■ **PROBLEM DETAILS**:
Whenever a line in the entries below contains "shows", copy that line.
[EXERCISE DATA Boundary: Start]
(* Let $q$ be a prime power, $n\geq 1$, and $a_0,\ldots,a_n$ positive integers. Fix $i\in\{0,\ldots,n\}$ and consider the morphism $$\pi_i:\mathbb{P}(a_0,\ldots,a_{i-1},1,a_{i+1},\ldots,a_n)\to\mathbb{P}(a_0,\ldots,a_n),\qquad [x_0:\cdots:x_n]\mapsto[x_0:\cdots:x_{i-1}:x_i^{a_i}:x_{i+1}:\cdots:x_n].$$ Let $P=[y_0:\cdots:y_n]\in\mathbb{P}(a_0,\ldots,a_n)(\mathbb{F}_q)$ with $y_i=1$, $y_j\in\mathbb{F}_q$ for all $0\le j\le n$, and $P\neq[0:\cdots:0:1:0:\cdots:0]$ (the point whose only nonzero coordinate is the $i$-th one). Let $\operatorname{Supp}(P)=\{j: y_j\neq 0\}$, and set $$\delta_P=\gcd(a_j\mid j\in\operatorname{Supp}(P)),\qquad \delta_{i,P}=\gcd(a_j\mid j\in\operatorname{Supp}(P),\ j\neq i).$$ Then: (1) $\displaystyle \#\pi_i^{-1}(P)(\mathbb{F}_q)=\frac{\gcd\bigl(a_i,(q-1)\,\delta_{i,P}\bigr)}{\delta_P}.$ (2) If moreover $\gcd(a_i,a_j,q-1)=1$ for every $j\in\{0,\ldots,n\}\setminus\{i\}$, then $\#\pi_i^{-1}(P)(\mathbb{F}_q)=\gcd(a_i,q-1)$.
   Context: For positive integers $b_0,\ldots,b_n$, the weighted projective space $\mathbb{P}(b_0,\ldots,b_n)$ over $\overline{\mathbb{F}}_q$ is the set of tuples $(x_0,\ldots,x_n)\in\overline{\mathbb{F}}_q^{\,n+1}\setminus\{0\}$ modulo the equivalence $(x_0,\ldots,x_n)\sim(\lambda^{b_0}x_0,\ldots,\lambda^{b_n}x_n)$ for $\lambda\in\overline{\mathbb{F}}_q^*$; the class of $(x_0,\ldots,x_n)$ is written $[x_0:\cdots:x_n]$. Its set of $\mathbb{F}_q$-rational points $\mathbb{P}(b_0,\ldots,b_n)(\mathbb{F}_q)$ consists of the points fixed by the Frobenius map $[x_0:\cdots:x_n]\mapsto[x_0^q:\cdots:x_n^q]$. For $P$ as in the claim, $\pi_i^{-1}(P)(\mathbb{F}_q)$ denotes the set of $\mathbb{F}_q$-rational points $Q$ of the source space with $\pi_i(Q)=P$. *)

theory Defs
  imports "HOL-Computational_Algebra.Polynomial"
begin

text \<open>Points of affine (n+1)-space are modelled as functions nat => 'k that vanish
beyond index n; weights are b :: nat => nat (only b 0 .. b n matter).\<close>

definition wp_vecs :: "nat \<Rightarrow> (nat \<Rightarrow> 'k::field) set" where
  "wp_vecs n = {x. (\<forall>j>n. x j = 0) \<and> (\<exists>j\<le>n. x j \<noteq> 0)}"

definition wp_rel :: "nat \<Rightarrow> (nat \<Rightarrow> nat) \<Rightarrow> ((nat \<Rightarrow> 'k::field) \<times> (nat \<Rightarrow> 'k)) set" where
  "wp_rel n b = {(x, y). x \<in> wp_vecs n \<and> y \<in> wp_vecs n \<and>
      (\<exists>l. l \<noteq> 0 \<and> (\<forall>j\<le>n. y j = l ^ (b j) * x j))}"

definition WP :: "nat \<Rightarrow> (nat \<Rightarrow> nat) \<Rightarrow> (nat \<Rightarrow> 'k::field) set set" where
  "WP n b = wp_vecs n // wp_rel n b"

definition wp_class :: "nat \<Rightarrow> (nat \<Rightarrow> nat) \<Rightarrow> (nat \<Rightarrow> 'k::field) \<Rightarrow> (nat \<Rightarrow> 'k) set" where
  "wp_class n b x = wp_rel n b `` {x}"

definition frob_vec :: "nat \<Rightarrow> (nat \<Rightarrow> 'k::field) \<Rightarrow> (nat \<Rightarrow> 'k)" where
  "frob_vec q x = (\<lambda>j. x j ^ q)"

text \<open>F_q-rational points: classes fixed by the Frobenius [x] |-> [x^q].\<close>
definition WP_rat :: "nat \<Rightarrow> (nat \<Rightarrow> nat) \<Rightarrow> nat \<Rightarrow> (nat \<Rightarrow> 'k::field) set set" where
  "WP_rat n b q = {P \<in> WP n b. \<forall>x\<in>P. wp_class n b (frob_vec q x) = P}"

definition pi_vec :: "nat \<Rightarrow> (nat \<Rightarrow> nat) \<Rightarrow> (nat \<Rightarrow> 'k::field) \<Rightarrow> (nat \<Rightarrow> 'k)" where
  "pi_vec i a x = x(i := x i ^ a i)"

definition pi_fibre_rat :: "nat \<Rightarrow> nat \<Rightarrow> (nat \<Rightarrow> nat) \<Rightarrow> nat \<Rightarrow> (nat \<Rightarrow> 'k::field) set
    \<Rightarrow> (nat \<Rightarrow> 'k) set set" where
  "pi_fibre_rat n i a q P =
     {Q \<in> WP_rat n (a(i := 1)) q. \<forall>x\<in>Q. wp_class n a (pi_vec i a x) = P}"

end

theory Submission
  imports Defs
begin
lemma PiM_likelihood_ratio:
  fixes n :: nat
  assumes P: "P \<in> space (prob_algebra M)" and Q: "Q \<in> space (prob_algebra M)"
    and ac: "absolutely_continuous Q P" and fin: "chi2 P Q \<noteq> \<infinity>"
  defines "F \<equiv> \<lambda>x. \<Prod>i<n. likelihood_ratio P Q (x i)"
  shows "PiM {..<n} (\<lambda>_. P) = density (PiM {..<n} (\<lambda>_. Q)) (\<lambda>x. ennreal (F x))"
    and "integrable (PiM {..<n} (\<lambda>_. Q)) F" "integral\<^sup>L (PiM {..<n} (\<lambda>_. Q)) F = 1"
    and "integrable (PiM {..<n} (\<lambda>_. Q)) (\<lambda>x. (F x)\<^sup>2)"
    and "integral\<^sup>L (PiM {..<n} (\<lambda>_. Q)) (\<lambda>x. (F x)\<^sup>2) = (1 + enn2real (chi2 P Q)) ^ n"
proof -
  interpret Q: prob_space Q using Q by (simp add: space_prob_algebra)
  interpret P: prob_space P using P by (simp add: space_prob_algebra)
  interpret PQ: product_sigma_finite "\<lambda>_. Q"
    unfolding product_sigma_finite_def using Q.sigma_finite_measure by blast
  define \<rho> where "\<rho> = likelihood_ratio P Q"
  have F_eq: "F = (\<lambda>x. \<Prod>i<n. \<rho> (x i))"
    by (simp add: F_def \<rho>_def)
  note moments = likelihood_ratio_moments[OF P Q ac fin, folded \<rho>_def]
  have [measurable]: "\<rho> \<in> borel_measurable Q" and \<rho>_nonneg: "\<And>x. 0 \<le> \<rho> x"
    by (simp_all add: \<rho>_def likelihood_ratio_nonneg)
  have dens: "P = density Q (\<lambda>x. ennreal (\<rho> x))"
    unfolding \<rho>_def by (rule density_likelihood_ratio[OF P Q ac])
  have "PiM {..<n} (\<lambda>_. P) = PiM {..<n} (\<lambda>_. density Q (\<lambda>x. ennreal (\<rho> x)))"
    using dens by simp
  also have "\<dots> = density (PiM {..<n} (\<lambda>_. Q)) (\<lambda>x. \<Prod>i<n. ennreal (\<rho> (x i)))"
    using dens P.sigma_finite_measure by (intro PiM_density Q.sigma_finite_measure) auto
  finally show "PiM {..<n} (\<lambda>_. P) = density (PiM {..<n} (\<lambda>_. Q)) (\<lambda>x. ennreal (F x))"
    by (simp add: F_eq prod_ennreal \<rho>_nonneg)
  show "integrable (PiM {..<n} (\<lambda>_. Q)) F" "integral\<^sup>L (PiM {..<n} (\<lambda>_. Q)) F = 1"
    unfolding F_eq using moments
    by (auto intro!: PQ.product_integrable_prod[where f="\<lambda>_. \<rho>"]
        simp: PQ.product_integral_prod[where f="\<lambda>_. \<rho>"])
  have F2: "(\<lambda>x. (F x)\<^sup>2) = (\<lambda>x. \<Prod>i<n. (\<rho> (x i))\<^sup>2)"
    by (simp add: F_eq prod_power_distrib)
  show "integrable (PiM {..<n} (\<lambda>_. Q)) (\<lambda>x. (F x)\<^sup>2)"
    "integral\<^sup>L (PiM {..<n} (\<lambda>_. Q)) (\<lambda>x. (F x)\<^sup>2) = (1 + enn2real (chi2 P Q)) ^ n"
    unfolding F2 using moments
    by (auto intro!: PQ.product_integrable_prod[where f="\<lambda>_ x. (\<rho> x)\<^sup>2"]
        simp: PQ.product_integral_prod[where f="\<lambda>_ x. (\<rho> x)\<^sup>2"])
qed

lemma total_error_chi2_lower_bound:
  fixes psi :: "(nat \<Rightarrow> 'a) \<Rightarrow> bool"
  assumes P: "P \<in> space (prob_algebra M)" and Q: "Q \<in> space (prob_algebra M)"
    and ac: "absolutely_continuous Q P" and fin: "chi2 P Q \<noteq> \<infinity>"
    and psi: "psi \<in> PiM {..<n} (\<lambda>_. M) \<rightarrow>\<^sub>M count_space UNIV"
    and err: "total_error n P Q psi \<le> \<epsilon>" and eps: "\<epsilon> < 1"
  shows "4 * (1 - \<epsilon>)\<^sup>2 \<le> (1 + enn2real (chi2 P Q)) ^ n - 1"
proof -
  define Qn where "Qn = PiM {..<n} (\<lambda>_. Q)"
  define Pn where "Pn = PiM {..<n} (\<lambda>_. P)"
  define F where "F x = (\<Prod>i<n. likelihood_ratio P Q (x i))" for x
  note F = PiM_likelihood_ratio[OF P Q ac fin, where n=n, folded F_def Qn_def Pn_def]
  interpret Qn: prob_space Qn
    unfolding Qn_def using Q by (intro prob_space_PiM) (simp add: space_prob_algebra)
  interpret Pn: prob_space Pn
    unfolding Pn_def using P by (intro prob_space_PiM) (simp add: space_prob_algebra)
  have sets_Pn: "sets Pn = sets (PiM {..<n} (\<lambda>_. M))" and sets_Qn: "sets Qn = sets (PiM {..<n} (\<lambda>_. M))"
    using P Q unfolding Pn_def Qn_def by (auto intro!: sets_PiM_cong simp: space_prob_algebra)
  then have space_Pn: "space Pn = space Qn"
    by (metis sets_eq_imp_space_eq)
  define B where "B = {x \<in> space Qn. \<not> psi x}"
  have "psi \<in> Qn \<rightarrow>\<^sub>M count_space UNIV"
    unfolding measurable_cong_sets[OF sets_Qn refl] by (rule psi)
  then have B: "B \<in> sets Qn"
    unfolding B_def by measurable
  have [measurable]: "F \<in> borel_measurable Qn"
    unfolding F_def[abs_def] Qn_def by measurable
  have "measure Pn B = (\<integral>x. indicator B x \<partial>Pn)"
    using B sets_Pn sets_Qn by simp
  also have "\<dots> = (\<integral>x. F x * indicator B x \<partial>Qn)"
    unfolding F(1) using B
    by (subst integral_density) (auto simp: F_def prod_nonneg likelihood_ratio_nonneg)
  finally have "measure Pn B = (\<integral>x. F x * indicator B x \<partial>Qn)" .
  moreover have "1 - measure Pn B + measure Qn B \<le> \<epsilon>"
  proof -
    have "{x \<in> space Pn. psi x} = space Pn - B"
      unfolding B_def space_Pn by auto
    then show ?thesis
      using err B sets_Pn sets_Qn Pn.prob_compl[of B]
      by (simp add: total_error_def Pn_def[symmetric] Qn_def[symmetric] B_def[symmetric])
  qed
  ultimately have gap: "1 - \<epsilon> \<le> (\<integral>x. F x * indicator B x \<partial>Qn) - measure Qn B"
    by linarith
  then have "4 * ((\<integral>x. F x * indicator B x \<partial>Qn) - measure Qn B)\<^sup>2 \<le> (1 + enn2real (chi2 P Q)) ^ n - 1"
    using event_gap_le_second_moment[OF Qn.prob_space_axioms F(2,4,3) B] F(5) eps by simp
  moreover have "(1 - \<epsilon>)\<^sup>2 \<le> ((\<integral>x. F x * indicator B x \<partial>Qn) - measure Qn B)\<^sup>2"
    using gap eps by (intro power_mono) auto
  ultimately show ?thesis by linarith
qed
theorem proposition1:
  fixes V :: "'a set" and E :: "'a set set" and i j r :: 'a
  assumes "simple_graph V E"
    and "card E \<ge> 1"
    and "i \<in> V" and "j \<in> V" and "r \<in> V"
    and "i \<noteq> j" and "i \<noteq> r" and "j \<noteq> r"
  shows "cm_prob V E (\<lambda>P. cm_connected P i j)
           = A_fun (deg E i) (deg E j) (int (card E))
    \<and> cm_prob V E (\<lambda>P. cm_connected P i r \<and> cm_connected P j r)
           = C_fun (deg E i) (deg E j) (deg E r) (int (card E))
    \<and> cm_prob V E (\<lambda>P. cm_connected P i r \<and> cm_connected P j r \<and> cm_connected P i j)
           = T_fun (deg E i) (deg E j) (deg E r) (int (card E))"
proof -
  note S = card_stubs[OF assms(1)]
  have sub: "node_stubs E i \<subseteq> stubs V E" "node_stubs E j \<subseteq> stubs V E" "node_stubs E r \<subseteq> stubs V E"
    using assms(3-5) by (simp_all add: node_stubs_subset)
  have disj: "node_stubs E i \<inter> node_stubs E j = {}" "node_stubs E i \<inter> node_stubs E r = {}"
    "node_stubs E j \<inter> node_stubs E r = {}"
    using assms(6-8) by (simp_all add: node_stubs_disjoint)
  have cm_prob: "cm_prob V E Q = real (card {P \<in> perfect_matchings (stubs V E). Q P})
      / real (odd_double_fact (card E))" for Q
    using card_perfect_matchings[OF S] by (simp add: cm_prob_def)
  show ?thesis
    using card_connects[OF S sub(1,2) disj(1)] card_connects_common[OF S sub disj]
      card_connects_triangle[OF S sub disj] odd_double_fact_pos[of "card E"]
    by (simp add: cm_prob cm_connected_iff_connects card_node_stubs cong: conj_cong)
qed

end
[EXERCISE DATA Boundary: End]
■ **WRITTEN ANSWER**:
  shows "PiM {..<n} (\<lambda>_. P) = density (PiM {..<n} (\<lambda>_. Q)) (\<lambda>x. ennreal (F x))"
  shows "4 * (1 - \<epsilon>)\<^sup>2 \<le> (1 + enn2real (chi2 P Q)) ^ n - 1"
  shows "cm_prob V E (\<lambda>P. cm_connected P i j)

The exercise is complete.